The trumpet is a wind instrument widely used in classical and jazz ensembles. The trumpet group ranges from the highest register piccolo trumpet in the brass family to the bass trumpet, whose pitch is one octave below the standard B♭ or C trumpet.
Trumpet-like tools have historically been used as signaling devices in combat or hunting, with examples dating back to at least 1500 BC. They began to be used as musical instruments only in the late 14th or early 15th century. Trumpets are used in art music styles such as orchestras, concert bands and jazz ensembles, as well as in popular music.
They are played by blowing air through nearly closed lips (called the player’s embouchure), creating a “buzzing” sound that starts a standing wave vibration in the air column inside the instrument. Since the late 15th century, pipes have mostly been made from brass tubes, usually double-bent into a rounded rectangular shape.

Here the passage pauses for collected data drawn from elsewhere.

lemma geometric_mat_sum_right:
  assumes A: "A \<in> carrier_mat n n"
  shows "mat_sum n (\<lambda>k. A ^\<^sub>m k) m * (1\<^sub>m n - A) = 1\<^sub>m n - A ^\<^sub>m m"
proof (induction m)
  case 0
  show ?case using A by (auto simp: mat_sum_0)
next
  case (Suc m)
  have "mat_sum n (\<lambda>k. A ^\<^sub>m k) (Suc m) * (1\<^sub>m n - A)
      = (mat_sum n (\<lambda>k. A ^\<^sub>m k) m + A ^\<^sub>m m) * (1\<^sub>m n - A)"
    using A by (simp add: mat_sum_Suc)
  also have "\<dots> = mat_sum n (\<lambda>k. A ^\<^sub>m k) m * (1\<^sub>m n - A) + A ^\<^sub>m m * (1\<^sub>m n - A)"
    by (rule add_mult_distrib_mat[OF mat_sum_carrier pow_carrier_mat[OF A] minus_carrier_mat[OF A]])
  also have "A ^\<^sub>m m * (1\<^sub>m n - A) = A ^\<^sub>m m - A ^\<^sub>m Suc m"
    using mult_minus_distrib_mat[OF pow_carrier_mat[OF A] one_carrier_mat A] A by simp
  finally show ?case using A by (simp add: Suc.IH) (auto simp: mat_eq_iff)
qed

lemma mat_sum_entry_single:
  assumes B: "\<And>k. k < m \<Longrightarrow> B k \<in> carrier_mat n n"
    and disj: "\<And>k l. k < m \<Longrightarrow> l < m \<Longrightarrow> k \<noteq> l \<Longrightarrow> mat_support (B k) \<inter> mat_support (B l) = {}"
    and ij: "i < n" "j < n" and k0: "k0 < m" "B k0 $$ (i, j) \<noteq> 0"
  shows "mat_sum n B m $$ (i, j) = B k0 $$ (i, j)"
proof -
  have "B k $$ (i, j) = 0" if "k < m" "k \<noteq> k0" for k
    using disj[OF that(1) k0(1) that(2)] B[OF that(1)] B[OF k0(1)] ij k0(2)
    by (auto simp: mat_support_def)
  then have "(\<Sum>k<m. B k $$ (i, j)) = B k0 $$ (i, j)"
    using k0(1) by (intro sum_eq_single_nonzero) auto
  then show ?thesis using ij by (simp add: mat_sum_def)
qed

lemma mat_support_mat_sum:
  assumes B: "\<And>k. k < m \<Longrightarrow> B k \<in> carrier_mat n n"
    and disj: "\<And>k l. k < m \<Longrightarrow> l < m \<Longrightarrow> k \<noteq> l \<Longrightarrow> mat_support (B k) \<inter> mat_support (B l) = {}"
  shows "mat_support (mat_sum n B m) = (\<Union>k<m. mat_support (B k))"
proof (intro equalityI subsetI)
  fix p assume "p \<in> mat_support (mat_sum n B m)"
  then obtain i j where p: "p = (i, j)" "i < n" "j < n" "(\<Sum>k<m. B k $$ (i, j)) \<noteq> 0"
    by (auto simp: mat_support_def mat_sum_def)
  then obtain k where "k < m" "B k $$ (i, j) \<noteq> 0"
    using sum.not_neutral_contains_not_neutral by blast
  then show "p \<in> (\<Union>k<m. mat_support (B k))"
    using p B by (auto simp: mat_support_def)
next
  fix p assume "p \<in> (\<Union>k<m. mat_support (B k))"
  then obtain k where k: "k < m" "p \<in> mat_support (B k)" by blast
  obtain i j where p: "p = (i, j)" by fastforce
  have "i < n" "j < n" "B k $$ (i, j) \<noteq> 0"
    using k B[of k] by (auto simp: mat_support_def p)
  then show "p \<in> mat_support (mat_sum n B m)"
    using mat_sum_entry_single[of m B n, OF B disj] k(1) by (auto simp: mat_support_def p)
qed
lemma hom_mono_eval:
  assumes "set x \<subseteq> car R"
  shows "h (mono_eval R d x) = mono_eval R' d (map h x)"
proof -
  have "map h (map2 (\<lambda>di xi. spow R xi di) d x) = map2 (\<lambda>di xi. spow R' xi di) d (map h x)"
    using assms
  proof (induction d arbitrary: x)
    case (Cons a d)
    then show ?case by (cases x) (auto simp: hom_spow)
  qed simp
  then show ?thesis
    unfolding mono_eval_def using hom_foldr_smul[OF set_map2_spow_subset[OF assms]] by simp
qed

lemma hom_poly_eval:
  assumes "set x \<subseteq> car R" "fst ` set p \<subseteq> car R"
  shows "h (poly_eval R p x) = poly_eval R' (map_coeffs h p) (map h x)"
proof -
  have "map h (map (\<lambda>(c, d). smul R c (mono_eval R d x)) p) =
        map (\<lambda>(c, d). smul R' c (mono_eval R' d (map h x))) (map_coeffs h p)"
    using assms by (auto simp: map_coeffs_def hom_smul hom_mono_eval mono_eval_closed)
  moreover have "set (map (\<lambda>(c, d). smul R c (mono_eval R d x)) p) \<subseteq> car R"
    using assms by (auto intro!: smul_closed mono_eval_closed)
  ultimately show ?thesis
    unfolding poly_eval_def by (simp add: hom_foldr_sadd)
qed

lemma hom_elem_sym:
  assumes "length x = n" "set x \<subseteq> car R"
  shows "h (elem_sym R n j x) = elem_sym R' n j (map h x)"
proof -
  have sub: "set l \<subseteq> {..<n}" if "l \<in> set (subseqs [0..<n])" for l
    using set_subseqs_upt_subset[OF that] .
  have "h (foldr (smul R) (map ((!) x) l) (sone R)) = foldr (smul R') (map ((!) (map h x)) l) (sone R')"
    if "l \<in> set (subseqs [0..<n])" for l
    using sub[OF that] assms
    by (subst hom_foldr_smul) (auto simp: subset_iff intro!: arg_cong[where f = "\<lambda>l. foldr _ l _"])
  moreover have "set (map (\<lambda>l. foldr (smul R) (map ((!) x) l) (sone R))
      (filter (\<lambda>l. length l = j) (subseqs [0..<n]))) \<subseteq> car R"
    using sub assms by (fastforce intro!: foldr_smul_closed)
  ultimately show ?thesis
    unfolding elem_sym_def
    by (simp add: hom_foldr_sadd) (intro arg_cong[where f = "\<lambda>l. foldr _ l _"] map_cong; simp)
qed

There are many different types of trumpets, the most common of which is in the key of B ♭ and has a tube length of about 1.48 m (4 ft 10 in). Early trumpets had no means for changing the length of the tube, whereas modern instruments usually have three (or sometimes four) valves for changing the pitch. Most pipes have piston type valves and some have rotary type valves. The use of rotary valve trumpets is more common in orchestral productions (especially German and German-style orchestras), although this practice varies by country. A musician who plays the trumpet is called a trumpeter or trumpeter.